Akhilandeshwari (अखिलाण्डेश्वरी) is one of the main forms of the Hindu Goddess Adi Parashakti. She is revered as an embodiment of Parvati. The famous abode of Akhilandeshwari is the Jambukeswarar Temple in Thiruvanaikaval. She is also revered collectively with the goddesses Meenakshi and Kamakshi, forming the Trishakti triad, the most powerful goddesses in Shaktism. The goddess’s name in Tamil is split into three components அகில ஆண்ட ஈஸ்வரி. “Akhila” means the universe, “Anda” means ruling, and “Ishwari” means the divine mother.

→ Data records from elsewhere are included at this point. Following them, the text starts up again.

lemma dirichlet_sol_1d_scale:
  assumes "dirichlet_sol_1d a b f u"
  shows "dirichlet_sol_1d a b (\<lambda>t. x * f t) (\<lambda>t. x * u t)"
proof -
  obtain c where
    u': "\<And>s. s \<in> {a..b} \<Longrightarrow> (u has_real_derivative (c - integral {a..s} f)) (at s within {a..b})"
    using assms unfolding dirichlet_sol_1d_def by metis
  have "((\<lambda>t. x * u t) has_real_derivative (x * c - integral {a..s} (\<lambda>t. x * f t))) (at s within {a..b})"
    if "s \<in> {a..b}" for s
    using DERIV_cmult[OF u'[OF that], of x] by (simp add: right_diff_distrib)
  then show ?thesis
    using assms unfolding dirichlet_sol_1d_def by (intro conjI exI[of _ "x * c"] ballI) auto
qed

lemma dirichlet_sol_1d_sum:
  assumes "finite I"
    and "\<And>i. i \<in> I \<Longrightarrow> dirichlet_sol_1d a b (f i) (u i)" "\<And>i. i \<in> I \<Longrightarrow> f i integrable_on {a..b}"
  shows "dirichlet_sol_1d a b (\<lambda>t. \<Sum>i\<in>I. x i * f i t) (\<lambda>t. \<Sum>i\<in>I. x i * u i t)"
  using assms
proof (induction I rule: finite_induct)
  case empty
  show ?case by (auto simp: dirichlet_sol_1d_def intro!: exI[of _ 0])
next
  case (insert i I)
  have "(\<lambda>t. \<Sum>j\<in>I. x j * f j t) integrable_on {a..b}"
    using insert.prems(2) insert.hyps(1) by (intro integrable_sum integrable_on_mult_right) auto
  then have "dirichlet_sol_1d a b (\<lambda>t. x i * f i t + (\<Sum>j\<in>I. x j * f j t))
      (\<lambda>t. x i * u i t + (\<Sum>j\<in>I. x j * u j t))"
    using insert.prems insert.IH
    by (intro dirichlet_sol_1d_add dirichlet_sol_1d_scale integrable_on_mult_right) auto
  then show ?case using insert.hyps by simp
qed

lemma bounded_measurable_integrable_on:
  fixes f :: "real \<Rightarrow> real"
  assumes "f \<in> borel_measurable lborel" and "\<And>x. \<bar>f x\<bar> \<le> B"
  shows "f integrable_on {a..b}"
proof -
  have "set_integrable lborel {a..b} f"
    unfolding set_integrable_def
    by (rule integrableI_bounded_set_indicator[where B=B]) (use assms in \<open>auto simp: emeasure_lborel_Icc_eq\<close>)
  then show ?thesis by (rule set_borel_integral_eq_integral(1))
qed

lemma phi1_measurable [measurable]: "phi1 L J i \<in> borel_measurable borel"
proof -
  have ind_eq: "ind I = indicator I" for I by (auto simp: ind_def indicator_def fun_eq_iff)
  show ?thesis unfolding phi1_def[abs_def] ind_eq by measurable
qed

lemma abs_phi1_le: "\<bar>phi1 L J i t\<bar> \<le> 2"
  by (auto simp: phi1_def ind_def)

lemma phi1_integrable_on: "phi1 L J i integrable_on {a..b}"
  by (rule bounded_measurable_integrable_on[OF _ abs_phi1_le]) simp

lemma psi1_dirichlet:
  assumes L: "L > 0"
  shows "dirichlet_sol_1d (-L) L (phi1 L J i) (psi1 L J i)"
    and "t \<notin> {-L..L} \<Longrightarrow> psi1 L J i t = 0"
proof -
  let ?P = "\<lambda>\<psi>. dirichlet_sol_1d (-L) L (phi1 L J i) \<psi> \<and> (\<forall>t. t \<notin> {-L..L} \<longrightarrow> \<psi> t = 0)"
  have psi1_eq: "psi1 L J i = (THE \<psi>. ?P \<psi>)"
    unfolding psi1_def dirichlet_sol_1d_def by (simp add: conj_commute conj_left_commute)
  have "\<exists>!\<psi>. ?P \<psi>"
  proof (rule ex_ex1I)
    show "\<exists>\<psi>. ?P \<psi>" using dirichlet_sol_1d_exists[OF _ phi1_integrable_on] L by simp
    show "\<psi> = \<psi>'" if "?P \<psi>" "?P \<psi>'" for \<psi> \<psi>'
      using that dirichlet_sol_1d_unique[of "-L" L] L by (metis neg_less_pos ext)
  qed
  then have "?P (psi1 L J i)" unfolding psi1_eq by (rule theI')
  then show "dirichlet_sol_1d (-L) L (phi1 L J i) (psi1 L J i)" "t \<notin> {-L..L} \<Longrightarrow> psi1 L J i t = 0"
    by auto
qed

lemma abs_psi1_le:
  assumes "L > 0"
  shows "\<bar>psi1 L J i t\<bar> \<le> 16 * L\<^sup>2"
proof (cases "t \<in> {-L..L}")
  case True
  then show ?thesis
    using dirichlet_sol_1d_bound[OF _ psi1_dirichlet(1) phi1_integrable_on abs_phi1_le] assms
    by (simp add: power2_eq_square)
next
  case False
  then show ?thesis using psi1_dirichlet(2)[OF assms] by simp
qed

lemma psi1_measurable [measurable]:
  assumes "L > 0"
  shows "psi1 L J i \<in> borel_measurable borel"
proof -
  obtain c where "\<And>t. t \<in> {-L..L} \<Longrightarrow>
      (psi1 L J i has_real_derivative (c - integral {-L..t} (phi1 L J i))) (at t within {-L..L})"
    using psi1_dirichlet(1)[OF assms] unfolding dirichlet_sol_1d_def by metis
  then have "continuous_on {-L..L} (psi1 L J i)" by (rule DERIV_continuous_on)
  moreover have "psi1 L J i = (\<lambda>t. indicator {-L..L} t *\<^sub>R psi1 L J i t)"
    using psi1_dirichlet(2)[OF assms] by (auto simp: fun_eq_iff indicator_def)
  ultimately show ?thesis
    by (metis borel_measurable_continuous_on_indicator atLeastAtMost_borel)
qed

section \<open>The grid\<close>

lemma meshh_pos: "L > 0 \<Longrightarrow> J > 0 \<Longrightarrow> meshh L J > 0"
  by (simp add: meshh_def)

lemma node_diff: "i \<ge> 1 \<Longrightarrow> node L J i - node L J (i - 1) = meshh L J"
  by (simp add: node_def algebra_simps)

lemma node_mono: "L > 0 \<Longrightarrow> J > 0 \<Longrightarrow> i \<le> j \<Longrightarrow> node L J i \<le> node L J j"
  using meshh_pos[of L J] by (simp add: node_def mult_right_mono)

lemma node_0 [simp]: "node L J 0 = -L"
  by (simp add: node_def)

lemma node_last: "J > 0 \<Longrightarrow> node L J J = L"
  by (simp add: node_def meshh_def)

lemma node_cell_exists:
  assumes L: "L > 0" and J: "J > 0" and t: "-L < t" "t \<le> L"
  obtains j where "1 \<le> j" "j \<le> J" "node L J (j - 1) < t" "t \<le> node L J j"
proof -
  define h where "h = meshh L J"
  have h: "h > 0" using meshh_pos[OF L J] by (simp add: h_def)
  define j where "j = nat \<lceil>(t + L) / h\<rceil>"
  have "(t + L) / h \<le> 2 * L / h" using t h by (intro divide_right_mono) auto
  then have "0 < (t + L) / h" "(t + L) / h \<le> real J"
    using t h J by (auto simp: h_def meshh_def)
  then have j: "1 \<le> j" "j \<le> J" "real j - 1 < (t + L) / h" "(t + L) / h \<le> real j"
    unfolding j_def by linarith+
  then have "node L J (j - 1) < t" "t \<le> node L J j"
    using h by (auto simp: node_def h_def[symmetric] field_simps)
  with j that show ?thesis by blast
qed

lemma node_cell_unique:
  assumes L: "L > 0" and J: "J > 0" and i: "1 \<le> i" and j: "1 \<le> j"
    and ti: "node L J (i - 1) < t" "t \<le> node L J i"
    and tj: "node L J (j - 1) < t" "t \<le> node L J j"
  shows "i = j"
proof -
  have "(real i - 1) * meshh L J < real j * meshh L J" "(real j - 1) * meshh L J < real i * meshh L J"
    using ti tj i j by (auto simp: node_def algebra_simps)
  then have "real i - 1 < real j" "real j - 1 < real i"
    using meshh_pos[OF L J] by (simp_all add: mult_less_cancel_right_pos)
  then show ?thesis by linarith
qed

text \<open>For \<open>j = 1\<close> the condition \<open>i = j - 1\<close> (natural subtraction) never holds, as \<open>i \<ge> 1\<close>.\<close>
lemma phi1_on_cell:
  assumes L: "L > 0" and J: "2 \<le> J" and j: "1 \<le> j" "j \<le> J"
    and t: "node L J (j - 1) < t" "t \<le> node L J j" and i: "1 \<le> i" "i \<le> J"
  shows "phi1 L J i t = (if i = j then (if j = 1 \<or> j = J then 3/2 else 1) else 0)
      - (if i = j + 1 then 1/2 else 0) - (if i = j - 1 then 1/2 else 0)"
proof -
  have J0: "J > 0" using J by simp
  have cell: "ind {node L J (l - 1)<..node L J l} t = (if l = j then 1 else 0)" if "1 \<le> l" for l
  proof (cases "node L J (l - 1) < t \<and> t \<le> node L J l")
    case True
    then show ?thesis using node_cell_unique[OF L J0 that j(1) _ _ t] by (simp add: ind_def)
  next
    case False
    then show ?thesis using t by (auto simp: ind_def)
  qed
  have cell_before: "ind {node L J (l - 2)<..node L J (l - 1)} t = (if l = j + 1 then 1 else 0)"
    if "2 \<le> l" for l
  proof -
    have "l - 1 - 1 = l - 2" "(l - 1 = j) = (l = j + 1)" using that by arith+
    then show ?thesis using cell[of "l - 1"] that by simp
  qed
  have cell_after: "ind {node L J l<..node L J (l + 1)} t = (if l + 1 = j then 1 else 0)" for l
    using cell[of "l + 1"] by simp
  have "-L < t" using node_mono[OF L J0, of 0 "j - 1"] t by simp
  then have first: "ind {node L J 0..node L J 1} t = (if j = 1 then 1 else 0)"
    using cell[of 1] by (simp add: ind_def)
  consider "i = 1" | "i = J" "i \<noteq> 1" | "1 < i" "i < J" using i by linarith
  then show ?thesis
  proof cases
    case 1
    then have "phi1 L J i t = 3/2 * (if j = 1 then 1 else 0) - 1/2 * (if 2 = j then 1 else 0)"
      using first cell[of 2] by (simp add: phi1_def)
    then show ?thesis using 1 J j by auto
  next
    case 2
    then have "phi1 L J i t = - 1/2 * (if J = j + 1 then 1 else 0) + 3/2 * (if J = j then 1 else 0)"
      using cell_before[of J] cell[of J] J by (simp add: phi1_def)
    then show ?thesis using 2 J j by auto
  next
    case 3
    then have "phi1 L J i t = - 1/2 * (if i = j + 1 then 1 else 0) + (if i = j then 1 else 0)
        - 1/2 * (if i + 1 = j then 1 else 0)"
      using cell_before[of i] cell[of i] cell_after[of i] by (simp add: phi1_def)
    then show ?thesis using 3 j by auto
  qed
qed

Therefore, Goddess, the divine mother who rules the entire universe, is known as “Akhilandeshwari”. Akhilandeshwari is the presiding deity in the Jambukeswarar Temple in Thiruvanaikaval along with her consort Jambukeswarar, who is an avatar of Shiva.

==Legend==
Once Parvati mocked Shiva's penance for the betterment of the world. Shiva wanted to condemn her act and directed her to go to the Earth from Mount Kailash (Shiva's abode) to do penance. Parvati in the form of Akhilandeshwari as per Shiva's wish found the Jambu forest to conduct her penance. She made a lingam out of the water from the Kaveri river, (also called as Ponni River) under the Venn Naaval tree (the Venn Naaval tree on top of the saint Jambu) and commenced her worship. The lingam is known as Appu Lingam (Water Lingam). Shiva at last appeared in front of Akhilandeshwari and taught her Shiva Gnana. Akhilandeshwari took Upadesa (lessons) facing East from Shiva, who stood facing west. Just because of this till today during Uchi Kala Puja (Around Noon), the priest of Akhilandeshwari's temple dresses up like a woman, goes to the sanctum of Jambukeswara Shiva and offers prayers and performs puja to Shiva and Kamadhenu (Cow deity). It is believed that Akhilandeshwari comes in the form of a priest to worship Shiva and the temple cow as Kamadhenu. Thiruvanaikovil is one of the temples where Akhilandeshwari is worshipped as a form of Adi Parashakti.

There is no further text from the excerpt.